:: Provided entries ::
lemma dcorel_comp_to_rel:
  assumes "finite X" and "finite Z"
    and c1: "is_dcorel X Y c1" and c2: "is_dcorel Y Z c2" and c: "is_dcorel_comp X Y Z c1 c2 c"
  shows "is_dcorel X Z c \<and> to_rel X Z c = lrel_comp X Y Z (to_rel X Y c1) (to_rel Y Z c2)"
proof -
  let ?N = "apex c1" and ?M = "apex c2"
  let ?j = "po_inj ?N ?M Y (leg_out c1) (leg_in c2)" and ?P = "po_apex ?N ?M Y (leg_out c1) (leg_in c2)"
  let ?f = "case_sum (\<lambda>x. ?j (Inl (leg_in c1 x))) (\<lambda>z. ?j (Inr (leg_out c2 z)))"
  let ?Q = "lin_push (?N <+> ?M) ?P ?j (lin_sum ?N ?M (deco c1) (deco c2))"
  have c_legs: "finite (apex c)" "bij_betw (legs c) (X <+> Z) (apex c)"
    and c_deco: "deco c = lin_pull (apex c) (\<lambda>n. ?f (inv_into (X <+> Z) (legs c) n)) ?Q"
    using c unfolding is_dcorel_comp_def Let_def by auto
  have "lin_subspace ?P ?Q"
    using c1 c2 by (intro lin_subspace_lin_push lin_subspace_lin_sum is_dcorel_lin_subspace)
  then have dcorel: "is_dcorel X Z c"
    unfolding is_dcorel_def c_deco using assms(1,2) c_legs by (blast intro: lin_subspace_lin_pull)
  have "to_rel X Z c = lin_pull (X <+> Z) ?f ?Q"
    unfolding to_rel_def c_deco using c_legs(2) by (rule lin_pull_bij_inv_into)
  also have "\<dots> = cospan_comp_rel X Y Z (leg_in c1) (leg_out c1) (leg_in c2) (leg_out c2) (deco c1) (deco c2)"
    using c1 c2 by (intro lin_pull_pushout is_dcorel_leg_in is_dcorel_leg_out
        lin_subspace_subset_kpow is_dcorel_lin_subspace)
  also have "\<dots> = lrel_comp X Y Z (to_rel X Y c1) (to_rel Y Z c2)"
    unfolding to_rel_def by (rule lrel_comp_lin_pull[symmetric])
  finally show ?thesis
    using dcorel by blast
qed

section \<open>Identities\<close>

lemma ex_dcorel_id:
  assumes "finite X"
  shows "\<exists>c. is_dcorel_id X c"
  unfolding is_dcorel_id_def Let_def by (rule ex_dcospan_bij_legs[OF assms assms])

lemma lin_push_kpow_empty: "lin_push {} B f (kpow {}) = kpow B"
  by (simp add: lin_push_def kpow_def)

lemma lrel_id_eq_lin_pull: "lrel_id X = lin_pull (X <+> X) (case_sum id id) (kpow X)"
proof (rule set_eqI, rule iffI)
  fix w :: "'a + 'a \<Rightarrow> 'b"
  assume w: "w \<in> lrel_id X"
  then have "w = (\<lambda>a. if a \<in> X <+> X then (\<lambda>x. w (Inl x)) (case_sum id id a) else 0)"
    unfolding lrel_id_def kpow_def by (auto simp: fun_eq_iff split: sum.split)
  moreover have "(\<lambda>x. w (Inl x)) \<in> kpow X"
    using w unfolding lrel_id_def kpow_def by simp
  ultimately show "w \<in> lin_pull (X <+> X) (case_sum id id) (kpow X)"
    unfolding lin_pull_def by (rule image_eqI)
qed (auto simp: lin_pull_def lrel_id_def kpow_def)

lemma dcorel_id_to_rel:
  assumes "finite X" and c: "is_dcorel_id X c"
  shows "is_dcorel X X c \<and> to_rel X X c = lrel_id X"
proof -
  let ?m = "\<lambda>n. case_sum id id (inv_into (X <+> X) (legs c) n)"
  have c_legs: "finite (apex c)" "bij_betw (legs c) (X <+> X) (apex c)"
    and c_deco: "deco c = lin_pull (apex c) ?m (kpow X)"
    using c unfolding is_dcorel_id_def Let_def lin_push_kpow_empty by auto
  have "is_dcorel X X c"
    unfolding is_dcorel_def c_deco using assms(1) c_legs
    by (blast intro: lin_subspace_lin_pull lin_subspace_kpow)
  moreover have "to_rel X X c = lrel_id X"
    unfolding to_rel_def c_deco lin_pull_bij_inv_into[OF c_legs(2)] by (rule lrel_id_eq_lin_pull[symmetric])
  ultimately show ?thesis ..
qed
:::
> [Brief]
For the string "also", show each line of the entries above where it occurs.

> [Reply]
  also have "\<dots> = cospan_comp_rel X Y Z (leg_in c1) (leg_out c1) (leg_in c2) (leg_out c2) (deco c1) (deco c2)"
  also have "\<dots> = lrel_comp X Y Z (to_rel X Y c1) (to_rel Y Z c2)"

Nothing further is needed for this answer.